RECORDED DATA >>
<<<<
text \<open>Removing \<open>j\<close> matches the majority sets containing \<open>j\<close> with those avoiding it,
  except for the ones of size \<open>\<lfloor>d/2\<rfloor> + 1\<close>.\<close>

lemma sum_sign_majority_sets:
  assumes "j < d"
  shows "(\<Sum>A\<in>majority_sets d. if j \<in> A then 1 else -1 :: real) = real ((d - 1) choose (d div 2))"
proof -
  let ?U = "{..<d}"
  define large where "large = {A. A \<subseteq> ?U \<and> j \<in> A \<and> d + 2 < 2 * card A}"
  define critical where "critical = {A. A \<subseteq> ?U \<and> j \<in> A \<and> card A = Suc (d div 2)}"
  have "{A\<in>majority_sets d. j \<notin> A} = {A. A \<subseteq> ?U \<and> j \<notin> A \<and> d + 2 < 2 * Suc (card A)}"
    by (auto simp: majority_sets_def)
  also have "card \<dots> = card large"
    unfolding large_def using assms
    by (intro bij_betw_same_card[OF bij_betw_insert_subsets[of ?U j "\<lambda>c. d + 2 < 2 * c"]]) auto
  finally have without_j: "card {A\<in>majority_sets d. j \<notin> A} = card large" .
  have "card critical = card {A. A \<subseteq> ?U \<and> j \<notin> A \<and> Suc (card A) = Suc (d div 2)}"
    unfolding critical_def using assms
    by (intro bij_betw_same_card[OF bij_betw_insert_subsets[of ?U j "\<lambda>c. c = Suc (d div 2)"], symmetric]) auto
  also have "{A. A \<subseteq> ?U \<and> j \<notin> A \<and> Suc (card A) = Suc (d div 2)} = {A. A \<subseteq> ?U - {j} \<and> card A = d div 2}"
    by auto
  finally have "card critical = (d - 1) choose (d div 2)"
    using assms by (simp add: n_subsets)
  moreover have "{A\<in>majority_sets d. j \<in> A} = large \<union> critical" "large \<inter> critical = {}"
    by (auto simp: majority_sets_def large_def critical_def)
  moreover have "finite large" "finite critical"
    by (auto simp: large_def critical_def intro: finite_subset[of _ "Pow ?U"])
  ultimately show ?thesis
    using without_j by (simp add: sum_sign_eq_card_diff finite_majority_sets card_Un_disjoint)
qed

definition cube_vertex :: "nat \<Rightarrow> real \<Rightarrow> (nat \<Rightarrow> real) \<Rightarrow> nat set \<Rightarrow> nat \<Rightarrow> real" where
  "cube_vertex d B v A = restrict (\<lambda>i. if i \<in> A then B * v i else - (B * v i)) {..<d}"

lemma sign_vector_cases:
  assumes "v \<in> cube d 1" "i < d"
  shows "v i = 1 \<or> v i = -1"
  using assms by (auto simp: cube_def)

lemma bij_betw_cube_vertex:
  assumes "B \<noteq> 0" "v \<in> cube d 1"
  shows "bij_betw (cube_vertex d B v) (Pow {..<d}) (cube d B)"
proof (rule bij_betw_byWitness[where f'="\<lambda>y. {i. i < d \<and> y i = B * v i}"])
  have sign: "v i = 1 \<or> v i = -1" if "i < d" for i
    using sign_vector_cases[OF assms(2) that] .
  have flip: "- (B * v i) \<noteq> B * v i" if "i < d" for i
    using sign[OF that] assms(1) by auto
  show "\<forall>A\<in>Pow {..<d}. {i. i < d \<and> cube_vertex d B v A i = B * v i} = A"
    using flip by (auto simp: cube_vertex_def)
  show "\<forall>y\<in>cube d B. cube_vertex d B v {i. i < d \<and> y i = B * v i} = y"
  proof (intro ballI ext)
    fix y i assume y: "y \<in> cube d B"
    show "cube_vertex d B v {i. i < d \<and> y i = B * v i} i = y i"
    proof (cases "i < d")
      case True
      then have "y i \<in> {-B, B}"
        using y by (auto simp: cube_def)
      then have "y i = B * v i \<or> y i = - (B * v i)"
        using sign[OF True] by (elim disjE insertE) simp_all
      then show ?thesis
        using True by (auto simp: cube_vertex_def)
    next
      case False
      moreover have "y i = undefined"
        using PiE_arb[of y "{..<d}" "\<lambda>_. {-B, B}" i] y False by (simp add: cube_def)
      ultimately show ?thesis
        by (simp add: cube_vertex_def)
    qed
  qed
  show "cube_vertex d B v ` Pow {..<d} \<subseteq> cube d B"
  proof (rule image_subsetI)
    fix A
    have "(if i \<in> A then B * v i else - (B * v i)) \<in> {-B, B}" if "i < d" for i
      using sign[OF that] by auto
    then show "cube_vertex d B v A \<in> cube d B"
      unfolding cube_def cube_vertex_def by (simp add: restrict_PiE_iff)
  qed
qed auto

lemma dotp_cube_vertex:
  assumes "v \<in> cube d 1" "A \<subseteq> {..<d}"
  shows "dotp d (cube_vertex d B v A) v = B * (2 * real (card A) - real d)"
proof -
  have "dotp d (cube_vertex d B v A) v = (\<Sum>i<d. if i \<in> A then B else - B)"
    unfolding dotp_def cube_vertex_def
    by (rule sum.cong) (use sign_vector_cases[OF assms(1)] in fastforce)+
  also have "\<dots> = B * real (card A) - B * real (card ({..<d} - A))"
    using assms(2) by (simp add: sum.If_cases Int_absorb1 Diff_eq)
  also have "card ({..<d} - A) = d - card A" "card A \<le> d"
    using assms(2) by (simp_all add: card_Diff_subset finite_subset card_mono[of "{..<d}", simplified])
  ultimately show ?thesis by (simp add: algebra_simps of_nat_diff)
qed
>>>>
TASK GOAL >> All of the material above should be printed again exactly as it is.

PROBLEM SOLUTION >>
text \<open>Removing \<open>j\<close> matches the majority sets containing \<open>j\<close> with those avoiding it,
  except for the ones of size \<open>\<lfloor>d/2\<rfloor> + 1\<close>.\<close>

lemma sum_sign_majority_sets:
  assumes "j < d"
  shows "(\<Sum>A\<in>majority_sets d. if j \<in> A then 1 else -1 :: real) = real ((d - 1) choose (d div 2))"
proof -
  let ?U = "{..<d}"
  define large where "large = {A. A \<subseteq> ?U \<and> j \<in> A \<and> d + 2 < 2 * card A}"
  define critical where "critical = {A. A \<subseteq> ?U \<and> j \<in> A \<and> card A = Suc (d div 2)}"
  have "{A\<in>majority_sets d. j \<notin> A} = {A. A \<subseteq> ?U \<and> j \<notin> A \<and> d + 2 < 2 * Suc (card A)}"
    by (auto simp: majority_sets_def)
  also have "card \<dots> = card large"
    unfolding large_def using assms
    by (intro bij_betw_same_card[OF bij_betw_insert_subsets[of ?U j "\<lambda>c. d + 2 < 2 * c"]]) auto
  finally have without_j: "card {A\<in>majority_sets d. j \<notin> A} = card large" .
  have "card critical = card {A. A \<subseteq> ?U \<and> j \<notin> A \<and> Suc (card A) = Suc (d div 2)}"
    unfolding critical_def using assms
    by (intro bij_betw_same_card[OF bij_betw_insert_subsets[of ?U j "\<lambda>c. c = Suc (d div 2)"], symmetric]) auto
  also have "{A. A \<subseteq> ?U \<and> j \<notin> A \<and> Suc (card A) = Suc (d div 2)} = {A. A \<subseteq> ?U - {j} \<and> card A = d div 2}"
    by auto
  finally have "card critical = (d - 1) choose (d div 2)"
    using assms by (simp add: n_subsets)
  moreover have "{A\<in>majority_sets d. j \<in> A} = large \<union> critical" "large \<inter> critical = {}"
    by (auto simp: majority_sets_def large_def critical_def)
  moreover have "finite large" "finite critical"
    by (auto simp: large_def critical_def intro: finite_subset[of _ "Pow ?U"])
  ultimately show ?thesis
    using without_j by (simp add: sum_sign_eq_card_diff finite_majority_sets card_Un_disjoint)
qed

definition cube_vertex :: "nat \<Rightarrow> real \<Rightarrow> (nat \<Rightarrow> real) \<Rightarrow> nat set \<Rightarrow> nat \<Rightarrow> real" where
  "cube_vertex d B v A = restrict (\<lambda>i. if i \<in> A then B * v i else - (B * v i)) {..<d}"

lemma sign_vector_cases:
  assumes "v \<in> cube d 1" "i < d"
  shows "v i = 1 \<or> v i = -1"
  using assms by (auto simp: cube_def)

lemma bij_betw_cube_vertex:
  assumes "B \<noteq> 0" "v \<in> cube d 1"
  shows "bij_betw (cube_vertex d B v) (Pow {..<d}) (cube d B)"
proof (rule bij_betw_byWitness[where f'="\<lambda>y. {i. i < d \<and> y i = B * v i}"])
  have sign: "v i = 1 \<or> v i = -1" if "i < d" for i
    using sign_vector_cases[OF assms(2) that] .
  have flip: "- (B * v i) \<noteq> B * v i" if "i < d" for i
    using sign[OF that] assms(1) by auto
  show "\<forall>A\<in>Pow {..<d}. {i. i < d \<and> cube_vertex d B v A i = B * v i} = A"
    using flip by (auto simp: cube_vertex_def)
  show "\<forall>y\<in>cube d B. cube_vertex d B v {i. i < d \<and> y i = B * v i} = y"
  proof (intro ballI ext)
    fix y i assume y: "y \<in> cube d B"
    show "cube_vertex d B v {i. i < d \<and> y i = B * v i} i = y i"
    proof (cases "i < d")
      case True
      then have "y i \<in> {-B, B}"
        using y by (auto simp: cube_def)
      then have "y i = B * v i \<or> y i = - (B * v i)"
        using sign[OF True] by (elim disjE insertE) simp_all
      then show ?thesis
        using True by (auto simp: cube_vertex_def)
    next
      case False
      moreover have "y i = undefined"
        using PiE_arb[of y "{..<d}" "\<lambda>_. {-B, B}" i] y False by (simp add: cube_def)
      ultimately show ?thesis
        by (simp add: cube_vertex_def)
    qed
  qed
  show "cube_vertex d B v ` Pow {..<d} \<subseteq> cube d B"
  proof (rule image_subsetI)
    fix A
    have "(if i \<in> A then B * v i else - (B * v i)) \<in> {-B, B}" if "i < d" for i
      using sign[OF that] by auto
    then show "cube_vertex d B v A \<in> cube d B"
      unfolding cube_def cube_vertex_def by (simp add: restrict_PiE_iff)
  qed
qed auto

lemma dotp_cube_vertex:
  assumes "v \<in> cube d 1" "A \<subseteq> {..<d}"
  shows "dotp d (cube_vertex d B v A) v = B * (2 * real (card A) - real d)"
proof -
  have "dotp d (cube_vertex d B v A) v = (\<Sum>i<d. if i \<in> A then B else - B)"
    unfolding dotp_def cube_vertex_def
    by (rule sum.cong) (use sign_vector_cases[OF assms(1)] in fastforce)+
  also have "\<dots> = B * real (card A) - B * real (card ({..<d} - A))"
    using assms(2) by (simp add: sum.If_cases Int_absorb1 Diff_eq)
  also have "card ({..<d} - A) = d - card A" "card A \<le> d"
    using assms(2) by (simp_all add: card_Diff_subset finite_subset card_mono[of "{..<d}", simplified])
  ultimately show ?thesis by (simp add: algebra_simps of_nat_diff)
qed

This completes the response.